▶ **Dataset entries**
* * *
lemma emeasure_gap_chain_Suc:
  assumes D: "1 \<le> D" "Suc D \<le> d" and b: "b (Suc D) \<le> 0"
  shows "emeasure M {\<omega>\<in>space M. gap_chain b (Suc D) (\<lambda>i. \<eta> i \<omega>)}
       = (\<integral>\<^sup>+\<omega>. indicator {\<omega>\<in>space M. gap_chain b D (\<lambda>i. \<eta> i \<omega>)} \<omega>
           * exp_increment (real (gap (Suc D))) (b (Suc D)) (\<eta> D \<omega> / real (gap D)) \<partial>M)"
proof -
  let ?v = "\<lambda>\<omega>. restrict (\<lambda>i. \<eta> i \<omega>) {1..D}"
  have K: "real (gap (Suc D)) > 0" using gap_pos[of "Suc D"] D by simp
  have past: "gap_chain b D (?v \<omega>) \<longleftrightarrow> gap_chain b D (\<lambda>i. \<eta> i \<omega>)" for \<omega>
    using gap_chain_restrict[of D b] D by simp
  have "gap_chain b (Suc D) (\<lambda>i. \<eta> i \<omega>) \<longleftrightarrow> gap_chain b D (?v \<omega>)
           \<and> ?v \<omega> D / real (gap D) < \<eta> (D+1) \<omega> / real (gap (Suc D))
           \<and> \<eta> (D+1) \<omega> / real (gap (Suc D)) \<le> b (Suc D)" for \<omega>
    unfolding past gap_chain_Suc[OF D(1)] using D by simp
  then have "emeasure M {\<omega>\<in>space M. gap_chain b (Suc D) (\<lambda>i. \<eta> i \<omega>)}
      = (\<integral>\<^sup>+\<omega>. indicator {\<omega>\<in>space M. gap_chain b D (?v \<omega>)} \<omega>
           * exp_increment (real (gap (Suc D))) (b (Suc D)) (?v \<omega> D / real (gap D)) \<partial>M)"
    by (simp only:) (rule emeasure_extend_by_scaled_eta[OF K b, where s="\<lambda>a. a D / real (gap D)"]; measurable)
  then show ?thesis
    unfolding past using D by simp
qed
* * *
Which lines of the records above hold the word "past"? Copy each of them.

▶ **Written answer**
  have past: "gap_chain b D (?v \<omega>) \<longleftrightarrow> gap_chain b D (\<lambda>i. \<eta> i \<omega>)" for \<omega>
    unfolding past gap_chain_Suc[OF D(1)] using D by simp
    unfolding past using D by simp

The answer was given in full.